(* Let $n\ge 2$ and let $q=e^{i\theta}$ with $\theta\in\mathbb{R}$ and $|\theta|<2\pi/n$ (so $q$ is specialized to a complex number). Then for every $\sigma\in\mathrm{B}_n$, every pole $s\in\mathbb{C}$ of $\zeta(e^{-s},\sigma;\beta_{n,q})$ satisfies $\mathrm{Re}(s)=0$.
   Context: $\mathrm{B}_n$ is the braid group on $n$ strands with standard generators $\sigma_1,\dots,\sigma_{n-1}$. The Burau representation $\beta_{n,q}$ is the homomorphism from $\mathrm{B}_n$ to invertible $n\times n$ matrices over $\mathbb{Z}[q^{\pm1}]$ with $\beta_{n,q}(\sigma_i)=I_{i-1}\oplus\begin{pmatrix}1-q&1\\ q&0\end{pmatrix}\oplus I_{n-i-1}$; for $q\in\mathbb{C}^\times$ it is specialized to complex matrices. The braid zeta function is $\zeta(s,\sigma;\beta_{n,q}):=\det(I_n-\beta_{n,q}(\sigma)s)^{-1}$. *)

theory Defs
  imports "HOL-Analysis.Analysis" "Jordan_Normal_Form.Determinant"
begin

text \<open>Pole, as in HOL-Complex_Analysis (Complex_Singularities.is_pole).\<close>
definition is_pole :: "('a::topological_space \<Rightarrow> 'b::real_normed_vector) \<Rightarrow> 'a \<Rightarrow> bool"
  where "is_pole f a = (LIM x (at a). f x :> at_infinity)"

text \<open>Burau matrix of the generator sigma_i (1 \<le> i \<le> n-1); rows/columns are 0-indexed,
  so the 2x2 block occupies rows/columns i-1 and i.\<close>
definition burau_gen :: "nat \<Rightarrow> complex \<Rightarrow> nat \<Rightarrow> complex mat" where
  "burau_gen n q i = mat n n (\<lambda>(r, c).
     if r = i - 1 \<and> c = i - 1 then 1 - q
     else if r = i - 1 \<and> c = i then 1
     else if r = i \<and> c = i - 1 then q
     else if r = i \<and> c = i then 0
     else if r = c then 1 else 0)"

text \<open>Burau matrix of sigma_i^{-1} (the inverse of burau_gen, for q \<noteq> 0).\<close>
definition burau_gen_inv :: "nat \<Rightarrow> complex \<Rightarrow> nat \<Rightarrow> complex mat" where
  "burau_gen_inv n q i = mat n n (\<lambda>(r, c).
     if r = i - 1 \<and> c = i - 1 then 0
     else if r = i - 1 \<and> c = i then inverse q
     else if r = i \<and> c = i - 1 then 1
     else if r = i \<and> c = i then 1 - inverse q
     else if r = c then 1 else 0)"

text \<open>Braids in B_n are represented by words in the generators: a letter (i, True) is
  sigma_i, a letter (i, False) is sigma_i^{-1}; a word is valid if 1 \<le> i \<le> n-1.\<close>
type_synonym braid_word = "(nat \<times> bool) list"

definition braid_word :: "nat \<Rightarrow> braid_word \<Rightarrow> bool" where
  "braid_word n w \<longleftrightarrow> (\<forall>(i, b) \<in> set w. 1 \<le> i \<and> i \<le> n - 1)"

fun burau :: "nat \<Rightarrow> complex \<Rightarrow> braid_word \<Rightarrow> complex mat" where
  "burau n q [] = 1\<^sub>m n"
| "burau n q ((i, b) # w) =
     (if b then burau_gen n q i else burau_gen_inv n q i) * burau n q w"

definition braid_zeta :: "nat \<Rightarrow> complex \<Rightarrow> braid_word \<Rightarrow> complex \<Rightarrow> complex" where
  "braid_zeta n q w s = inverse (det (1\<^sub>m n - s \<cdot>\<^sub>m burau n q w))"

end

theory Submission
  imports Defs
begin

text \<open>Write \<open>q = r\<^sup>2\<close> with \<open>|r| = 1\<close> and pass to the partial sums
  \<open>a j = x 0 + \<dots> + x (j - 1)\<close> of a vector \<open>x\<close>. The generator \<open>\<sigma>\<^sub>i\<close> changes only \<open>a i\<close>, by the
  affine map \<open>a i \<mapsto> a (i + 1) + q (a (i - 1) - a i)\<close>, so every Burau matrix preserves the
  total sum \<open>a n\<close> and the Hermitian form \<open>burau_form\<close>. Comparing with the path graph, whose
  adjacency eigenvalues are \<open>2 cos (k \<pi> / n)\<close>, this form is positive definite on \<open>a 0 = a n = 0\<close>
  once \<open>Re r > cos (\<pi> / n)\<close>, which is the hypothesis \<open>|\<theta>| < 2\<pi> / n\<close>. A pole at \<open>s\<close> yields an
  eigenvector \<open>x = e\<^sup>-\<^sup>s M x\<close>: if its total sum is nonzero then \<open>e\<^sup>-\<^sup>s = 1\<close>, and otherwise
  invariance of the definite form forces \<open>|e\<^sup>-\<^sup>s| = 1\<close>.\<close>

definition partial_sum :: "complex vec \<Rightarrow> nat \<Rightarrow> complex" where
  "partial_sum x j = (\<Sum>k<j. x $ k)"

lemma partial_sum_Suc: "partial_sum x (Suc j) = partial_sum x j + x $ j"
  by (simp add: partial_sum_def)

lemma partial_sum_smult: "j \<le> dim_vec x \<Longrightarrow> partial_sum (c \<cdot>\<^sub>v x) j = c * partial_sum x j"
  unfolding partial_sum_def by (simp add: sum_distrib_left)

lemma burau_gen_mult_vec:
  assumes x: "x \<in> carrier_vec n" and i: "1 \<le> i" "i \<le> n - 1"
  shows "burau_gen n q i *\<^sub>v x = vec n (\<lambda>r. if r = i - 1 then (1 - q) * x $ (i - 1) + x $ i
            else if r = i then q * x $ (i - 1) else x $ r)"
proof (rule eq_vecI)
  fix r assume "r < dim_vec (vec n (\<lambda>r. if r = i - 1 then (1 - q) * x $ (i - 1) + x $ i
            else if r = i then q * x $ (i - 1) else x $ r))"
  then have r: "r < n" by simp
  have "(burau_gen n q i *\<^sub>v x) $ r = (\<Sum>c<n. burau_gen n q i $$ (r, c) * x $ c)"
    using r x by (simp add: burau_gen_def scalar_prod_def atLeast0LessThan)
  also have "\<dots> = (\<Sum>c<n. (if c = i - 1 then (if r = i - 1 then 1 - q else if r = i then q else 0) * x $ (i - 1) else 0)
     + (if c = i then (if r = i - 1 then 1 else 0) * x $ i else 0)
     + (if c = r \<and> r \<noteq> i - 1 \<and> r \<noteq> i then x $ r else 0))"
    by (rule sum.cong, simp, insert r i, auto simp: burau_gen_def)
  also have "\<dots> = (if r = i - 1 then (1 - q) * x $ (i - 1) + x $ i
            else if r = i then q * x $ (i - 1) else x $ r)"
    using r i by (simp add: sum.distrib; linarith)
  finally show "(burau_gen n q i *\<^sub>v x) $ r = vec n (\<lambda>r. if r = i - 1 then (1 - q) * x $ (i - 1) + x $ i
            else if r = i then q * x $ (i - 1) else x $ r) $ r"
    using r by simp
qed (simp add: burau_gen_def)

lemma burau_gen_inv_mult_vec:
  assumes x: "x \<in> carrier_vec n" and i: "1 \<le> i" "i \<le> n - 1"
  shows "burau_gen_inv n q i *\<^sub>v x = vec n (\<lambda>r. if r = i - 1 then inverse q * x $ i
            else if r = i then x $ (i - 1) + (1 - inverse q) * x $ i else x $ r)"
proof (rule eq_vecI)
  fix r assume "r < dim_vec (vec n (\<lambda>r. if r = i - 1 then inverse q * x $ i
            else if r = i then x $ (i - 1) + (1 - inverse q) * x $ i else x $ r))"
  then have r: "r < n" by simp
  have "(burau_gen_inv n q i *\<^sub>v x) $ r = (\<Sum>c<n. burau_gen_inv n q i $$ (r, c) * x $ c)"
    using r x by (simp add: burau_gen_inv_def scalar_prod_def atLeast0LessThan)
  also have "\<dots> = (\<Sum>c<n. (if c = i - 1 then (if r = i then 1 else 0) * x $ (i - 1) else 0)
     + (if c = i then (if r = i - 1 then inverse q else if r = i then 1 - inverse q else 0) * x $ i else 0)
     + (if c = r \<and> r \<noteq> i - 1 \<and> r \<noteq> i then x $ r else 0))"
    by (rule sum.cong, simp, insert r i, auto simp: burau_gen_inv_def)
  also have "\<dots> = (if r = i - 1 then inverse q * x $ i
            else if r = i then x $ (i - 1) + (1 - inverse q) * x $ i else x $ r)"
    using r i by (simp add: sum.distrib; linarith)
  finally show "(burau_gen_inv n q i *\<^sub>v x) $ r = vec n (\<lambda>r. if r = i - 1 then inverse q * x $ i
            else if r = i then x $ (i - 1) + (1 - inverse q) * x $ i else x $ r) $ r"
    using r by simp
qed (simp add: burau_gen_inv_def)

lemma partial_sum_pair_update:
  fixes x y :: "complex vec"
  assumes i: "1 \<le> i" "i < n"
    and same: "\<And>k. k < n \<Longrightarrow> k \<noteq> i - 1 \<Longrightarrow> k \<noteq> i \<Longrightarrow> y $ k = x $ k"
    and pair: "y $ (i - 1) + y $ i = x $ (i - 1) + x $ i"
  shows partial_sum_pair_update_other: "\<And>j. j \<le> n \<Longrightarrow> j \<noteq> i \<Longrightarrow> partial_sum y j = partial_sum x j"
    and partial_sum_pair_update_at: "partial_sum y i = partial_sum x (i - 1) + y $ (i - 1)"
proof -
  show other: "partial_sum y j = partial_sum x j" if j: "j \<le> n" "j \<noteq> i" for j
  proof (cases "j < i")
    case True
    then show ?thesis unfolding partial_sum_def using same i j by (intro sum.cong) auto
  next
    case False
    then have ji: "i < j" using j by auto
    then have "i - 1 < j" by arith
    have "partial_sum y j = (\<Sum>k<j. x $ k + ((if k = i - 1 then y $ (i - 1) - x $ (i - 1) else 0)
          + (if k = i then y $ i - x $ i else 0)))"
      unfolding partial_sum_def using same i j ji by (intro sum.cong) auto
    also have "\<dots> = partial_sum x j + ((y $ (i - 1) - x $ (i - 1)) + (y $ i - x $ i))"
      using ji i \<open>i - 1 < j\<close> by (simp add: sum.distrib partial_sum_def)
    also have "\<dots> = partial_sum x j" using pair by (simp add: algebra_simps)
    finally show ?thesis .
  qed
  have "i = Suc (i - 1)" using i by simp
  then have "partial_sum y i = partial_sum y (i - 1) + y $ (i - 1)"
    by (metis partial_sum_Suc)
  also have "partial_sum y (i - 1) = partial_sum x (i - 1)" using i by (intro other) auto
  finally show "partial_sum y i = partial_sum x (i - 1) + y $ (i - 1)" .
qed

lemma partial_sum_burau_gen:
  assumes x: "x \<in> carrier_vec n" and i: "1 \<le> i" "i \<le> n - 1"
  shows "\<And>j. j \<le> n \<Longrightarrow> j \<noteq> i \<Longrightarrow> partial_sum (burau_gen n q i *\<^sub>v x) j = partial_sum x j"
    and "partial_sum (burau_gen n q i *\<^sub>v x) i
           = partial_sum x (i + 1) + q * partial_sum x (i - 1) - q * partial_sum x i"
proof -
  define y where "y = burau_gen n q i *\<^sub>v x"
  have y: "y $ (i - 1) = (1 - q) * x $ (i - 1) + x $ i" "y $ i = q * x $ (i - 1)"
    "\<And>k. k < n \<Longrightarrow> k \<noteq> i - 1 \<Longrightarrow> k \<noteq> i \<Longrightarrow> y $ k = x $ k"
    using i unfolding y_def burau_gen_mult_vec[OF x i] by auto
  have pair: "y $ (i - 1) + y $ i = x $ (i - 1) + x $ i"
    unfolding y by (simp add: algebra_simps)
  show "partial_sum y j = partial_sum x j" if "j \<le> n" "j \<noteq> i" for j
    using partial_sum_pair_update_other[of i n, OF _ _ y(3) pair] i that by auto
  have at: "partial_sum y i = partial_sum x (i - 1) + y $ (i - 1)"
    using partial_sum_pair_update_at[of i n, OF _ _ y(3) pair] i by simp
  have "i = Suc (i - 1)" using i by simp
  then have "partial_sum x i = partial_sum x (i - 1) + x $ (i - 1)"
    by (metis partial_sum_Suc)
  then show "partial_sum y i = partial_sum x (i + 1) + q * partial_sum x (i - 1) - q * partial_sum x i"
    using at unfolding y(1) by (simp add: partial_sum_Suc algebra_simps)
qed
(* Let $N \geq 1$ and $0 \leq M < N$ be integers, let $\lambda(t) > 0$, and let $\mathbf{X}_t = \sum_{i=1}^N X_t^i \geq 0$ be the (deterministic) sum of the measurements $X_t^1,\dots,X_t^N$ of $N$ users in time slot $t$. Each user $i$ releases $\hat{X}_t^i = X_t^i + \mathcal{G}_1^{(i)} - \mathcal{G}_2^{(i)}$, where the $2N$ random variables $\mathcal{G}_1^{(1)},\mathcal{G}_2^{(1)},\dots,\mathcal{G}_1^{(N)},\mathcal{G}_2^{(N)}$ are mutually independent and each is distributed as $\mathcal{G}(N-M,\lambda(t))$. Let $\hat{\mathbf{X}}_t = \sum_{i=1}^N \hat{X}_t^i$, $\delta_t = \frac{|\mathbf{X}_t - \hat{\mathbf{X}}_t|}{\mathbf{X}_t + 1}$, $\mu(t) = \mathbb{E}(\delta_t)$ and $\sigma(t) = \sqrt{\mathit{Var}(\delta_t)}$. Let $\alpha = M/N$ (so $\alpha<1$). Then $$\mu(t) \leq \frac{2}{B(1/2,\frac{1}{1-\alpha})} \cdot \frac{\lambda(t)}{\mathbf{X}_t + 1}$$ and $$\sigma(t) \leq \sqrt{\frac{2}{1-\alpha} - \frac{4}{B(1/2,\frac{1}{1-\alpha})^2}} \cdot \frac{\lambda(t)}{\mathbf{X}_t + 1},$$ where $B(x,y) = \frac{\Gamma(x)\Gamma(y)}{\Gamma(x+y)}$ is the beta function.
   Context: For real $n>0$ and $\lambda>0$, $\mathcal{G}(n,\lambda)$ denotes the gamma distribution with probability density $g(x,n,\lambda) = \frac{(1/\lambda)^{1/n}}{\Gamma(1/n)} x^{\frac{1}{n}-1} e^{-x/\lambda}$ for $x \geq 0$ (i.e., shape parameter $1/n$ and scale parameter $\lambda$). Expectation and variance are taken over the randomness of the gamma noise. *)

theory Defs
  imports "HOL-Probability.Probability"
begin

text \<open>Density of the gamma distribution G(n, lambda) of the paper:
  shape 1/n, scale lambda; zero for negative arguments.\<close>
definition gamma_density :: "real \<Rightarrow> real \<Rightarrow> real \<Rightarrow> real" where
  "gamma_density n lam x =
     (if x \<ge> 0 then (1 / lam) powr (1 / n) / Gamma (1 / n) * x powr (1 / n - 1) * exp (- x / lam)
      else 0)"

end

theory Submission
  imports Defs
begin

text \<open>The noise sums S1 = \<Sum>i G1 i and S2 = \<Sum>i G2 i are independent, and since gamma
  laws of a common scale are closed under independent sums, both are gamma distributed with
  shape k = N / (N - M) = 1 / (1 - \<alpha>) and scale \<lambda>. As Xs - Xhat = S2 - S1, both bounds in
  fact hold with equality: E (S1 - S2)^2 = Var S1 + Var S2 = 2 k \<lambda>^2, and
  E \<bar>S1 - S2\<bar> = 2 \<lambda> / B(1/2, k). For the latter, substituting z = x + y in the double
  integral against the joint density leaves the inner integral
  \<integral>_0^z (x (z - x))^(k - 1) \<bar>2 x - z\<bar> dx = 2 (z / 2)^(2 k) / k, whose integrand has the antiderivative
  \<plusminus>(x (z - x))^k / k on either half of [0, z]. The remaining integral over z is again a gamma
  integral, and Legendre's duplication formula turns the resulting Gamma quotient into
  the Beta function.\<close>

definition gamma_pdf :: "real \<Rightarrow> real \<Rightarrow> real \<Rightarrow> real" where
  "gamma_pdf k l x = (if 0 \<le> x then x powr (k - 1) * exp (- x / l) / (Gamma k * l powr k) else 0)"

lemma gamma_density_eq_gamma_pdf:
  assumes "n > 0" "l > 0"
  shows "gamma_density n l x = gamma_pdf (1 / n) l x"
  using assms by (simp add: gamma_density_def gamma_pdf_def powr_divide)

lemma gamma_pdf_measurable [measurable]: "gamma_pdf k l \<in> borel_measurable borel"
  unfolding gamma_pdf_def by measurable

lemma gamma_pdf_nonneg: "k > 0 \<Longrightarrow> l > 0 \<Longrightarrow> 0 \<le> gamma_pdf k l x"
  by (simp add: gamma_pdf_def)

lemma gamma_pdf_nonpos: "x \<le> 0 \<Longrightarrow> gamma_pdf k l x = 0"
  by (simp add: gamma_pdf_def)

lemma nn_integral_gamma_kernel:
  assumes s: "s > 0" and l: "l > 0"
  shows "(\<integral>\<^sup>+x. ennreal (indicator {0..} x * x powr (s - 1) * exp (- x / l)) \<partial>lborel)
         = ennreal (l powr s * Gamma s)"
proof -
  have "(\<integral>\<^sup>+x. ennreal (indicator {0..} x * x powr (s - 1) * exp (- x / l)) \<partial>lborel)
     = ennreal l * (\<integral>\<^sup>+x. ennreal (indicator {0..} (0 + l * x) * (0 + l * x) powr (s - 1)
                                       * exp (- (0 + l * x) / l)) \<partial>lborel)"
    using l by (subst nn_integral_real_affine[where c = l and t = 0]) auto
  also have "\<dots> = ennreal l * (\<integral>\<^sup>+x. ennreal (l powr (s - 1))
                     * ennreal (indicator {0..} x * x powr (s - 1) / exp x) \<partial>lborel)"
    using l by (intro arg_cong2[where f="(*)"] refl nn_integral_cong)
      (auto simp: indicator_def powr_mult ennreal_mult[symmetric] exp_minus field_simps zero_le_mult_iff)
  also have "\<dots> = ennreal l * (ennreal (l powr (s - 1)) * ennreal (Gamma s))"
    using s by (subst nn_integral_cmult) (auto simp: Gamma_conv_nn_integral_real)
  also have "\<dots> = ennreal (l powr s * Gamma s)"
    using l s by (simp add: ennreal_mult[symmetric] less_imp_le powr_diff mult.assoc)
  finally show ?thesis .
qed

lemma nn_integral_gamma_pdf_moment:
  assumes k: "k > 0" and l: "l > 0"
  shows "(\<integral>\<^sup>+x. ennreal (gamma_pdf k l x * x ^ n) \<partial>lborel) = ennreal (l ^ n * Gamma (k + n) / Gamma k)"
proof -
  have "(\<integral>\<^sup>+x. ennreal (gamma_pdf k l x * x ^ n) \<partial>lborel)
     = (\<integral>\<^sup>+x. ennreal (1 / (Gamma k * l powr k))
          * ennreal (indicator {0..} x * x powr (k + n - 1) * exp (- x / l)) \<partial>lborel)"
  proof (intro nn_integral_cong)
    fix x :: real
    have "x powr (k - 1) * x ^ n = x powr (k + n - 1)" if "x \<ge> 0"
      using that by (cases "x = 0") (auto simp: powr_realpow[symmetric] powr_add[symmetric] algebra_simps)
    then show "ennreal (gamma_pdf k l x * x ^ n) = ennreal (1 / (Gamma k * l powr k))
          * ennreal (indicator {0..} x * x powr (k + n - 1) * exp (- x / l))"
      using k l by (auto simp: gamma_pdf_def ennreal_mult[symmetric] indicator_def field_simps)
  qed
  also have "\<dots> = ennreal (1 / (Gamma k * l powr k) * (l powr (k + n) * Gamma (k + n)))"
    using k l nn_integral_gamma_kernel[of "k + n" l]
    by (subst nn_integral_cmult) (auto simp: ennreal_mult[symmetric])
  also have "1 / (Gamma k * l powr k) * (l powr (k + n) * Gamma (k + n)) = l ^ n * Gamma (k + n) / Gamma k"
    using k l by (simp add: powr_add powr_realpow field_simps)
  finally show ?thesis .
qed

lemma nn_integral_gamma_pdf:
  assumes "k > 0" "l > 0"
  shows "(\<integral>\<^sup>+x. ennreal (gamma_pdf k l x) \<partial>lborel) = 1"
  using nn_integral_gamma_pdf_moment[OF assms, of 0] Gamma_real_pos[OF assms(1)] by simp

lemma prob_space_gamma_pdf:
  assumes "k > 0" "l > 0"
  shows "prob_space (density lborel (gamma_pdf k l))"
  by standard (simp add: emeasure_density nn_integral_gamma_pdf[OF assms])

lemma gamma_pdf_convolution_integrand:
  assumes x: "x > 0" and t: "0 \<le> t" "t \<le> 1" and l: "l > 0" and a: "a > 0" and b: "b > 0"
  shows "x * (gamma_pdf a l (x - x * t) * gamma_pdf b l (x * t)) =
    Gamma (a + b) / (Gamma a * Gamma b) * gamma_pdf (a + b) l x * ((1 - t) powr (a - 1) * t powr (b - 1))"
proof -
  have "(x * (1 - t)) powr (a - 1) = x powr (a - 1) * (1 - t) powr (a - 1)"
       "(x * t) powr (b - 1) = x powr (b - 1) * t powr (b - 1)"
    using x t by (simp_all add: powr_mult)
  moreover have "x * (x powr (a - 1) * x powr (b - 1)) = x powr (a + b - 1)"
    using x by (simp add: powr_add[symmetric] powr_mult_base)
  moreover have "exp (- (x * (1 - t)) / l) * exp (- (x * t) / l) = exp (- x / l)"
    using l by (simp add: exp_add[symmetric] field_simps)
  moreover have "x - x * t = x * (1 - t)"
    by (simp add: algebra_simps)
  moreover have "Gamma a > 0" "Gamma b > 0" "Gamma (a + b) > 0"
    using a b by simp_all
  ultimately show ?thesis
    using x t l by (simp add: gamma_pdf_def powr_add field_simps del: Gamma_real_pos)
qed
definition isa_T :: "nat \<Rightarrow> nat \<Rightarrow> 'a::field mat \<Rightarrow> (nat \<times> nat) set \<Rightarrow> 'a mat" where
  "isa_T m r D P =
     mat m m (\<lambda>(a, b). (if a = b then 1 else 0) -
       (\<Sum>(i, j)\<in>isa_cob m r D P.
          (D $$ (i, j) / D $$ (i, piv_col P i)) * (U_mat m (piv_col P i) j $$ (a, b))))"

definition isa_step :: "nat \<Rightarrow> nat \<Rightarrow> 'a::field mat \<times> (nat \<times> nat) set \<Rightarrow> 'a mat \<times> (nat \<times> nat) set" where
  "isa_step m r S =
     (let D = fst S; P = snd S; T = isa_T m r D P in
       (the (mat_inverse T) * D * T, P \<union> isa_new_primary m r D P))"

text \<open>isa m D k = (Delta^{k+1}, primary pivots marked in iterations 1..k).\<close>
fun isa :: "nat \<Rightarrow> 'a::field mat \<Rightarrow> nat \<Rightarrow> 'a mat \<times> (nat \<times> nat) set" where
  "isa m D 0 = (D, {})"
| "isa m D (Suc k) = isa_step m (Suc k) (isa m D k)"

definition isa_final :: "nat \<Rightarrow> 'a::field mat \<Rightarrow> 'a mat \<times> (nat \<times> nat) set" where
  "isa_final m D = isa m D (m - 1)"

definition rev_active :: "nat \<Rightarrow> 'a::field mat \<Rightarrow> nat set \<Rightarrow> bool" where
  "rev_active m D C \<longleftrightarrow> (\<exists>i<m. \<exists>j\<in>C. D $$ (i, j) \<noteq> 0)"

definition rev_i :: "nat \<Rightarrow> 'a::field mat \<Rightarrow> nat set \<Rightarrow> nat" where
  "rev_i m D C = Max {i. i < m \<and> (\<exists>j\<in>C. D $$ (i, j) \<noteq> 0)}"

:::::

PROBLEM STATEMENT = Of the entries listed above, reproduce only the lines starting at the line containing "using x by (simp" and ending at the line containing "k) = isa_step". Include both, exactly as they stand.

FINISHED EXERCISE =
    using x by (simp add: powr_add[symmetric] powr_mult_base)
  moreover have "exp (- (x * (1 - t)) / l) * exp (- (x * t) / l) = exp (- x / l)"
    using l by (simp add: exp_add[symmetric] field_simps)
  moreover have "x - x * t = x * (1 - t)"
    by (simp add: algebra_simps)
  moreover have "Gamma a > 0" "Gamma b > 0" "Gamma (a + b) > 0"
    using a b by simp_all
  ultimately show ?thesis
    using x t l by (simp add: gamma_pdf_def powr_add field_simps del: Gamma_real_pos)
qed
definition isa_T :: "nat \<Rightarrow> nat \<Rightarrow> 'a::field mat \<Rightarrow> (nat \<times> nat) set \<Rightarrow> 'a mat" where
  "isa_T m r D P =
     mat m m (\<lambda>(a, b). (if a = b then 1 else 0) -
       (\<Sum>(i, j)\<in>isa_cob m r D P.
          (D $$ (i, j) / D $$ (i, piv_col P i)) * (U_mat m (piv_col P i) j $$ (a, b))))"

definition isa_step :: "nat \<Rightarrow> nat \<Rightarrow> 'a::field mat \<times> (nat \<times> nat) set \<Rightarrow> 'a mat \<times> (nat \<times> nat) set" where
  "isa_step m r S =
     (let D = fst S; P = snd S; T = isa_T m r D P in
       (the (mat_inverse T) * D * T, P \<union> isa_new_primary m r D P))"

text \<open>isa m D k = (Delta^{k+1}, primary pivots marked in iterations 1..k).\<close>
fun isa :: "nat \<Rightarrow> 'a::field mat \<Rightarrow> nat \<Rightarrow> 'a mat \<times> (nat \<times> nat) set" where
  "isa m D 0 = (D, {})"
| "isa m D (Suc k) = isa_step m (Suc k) (isa m D k)"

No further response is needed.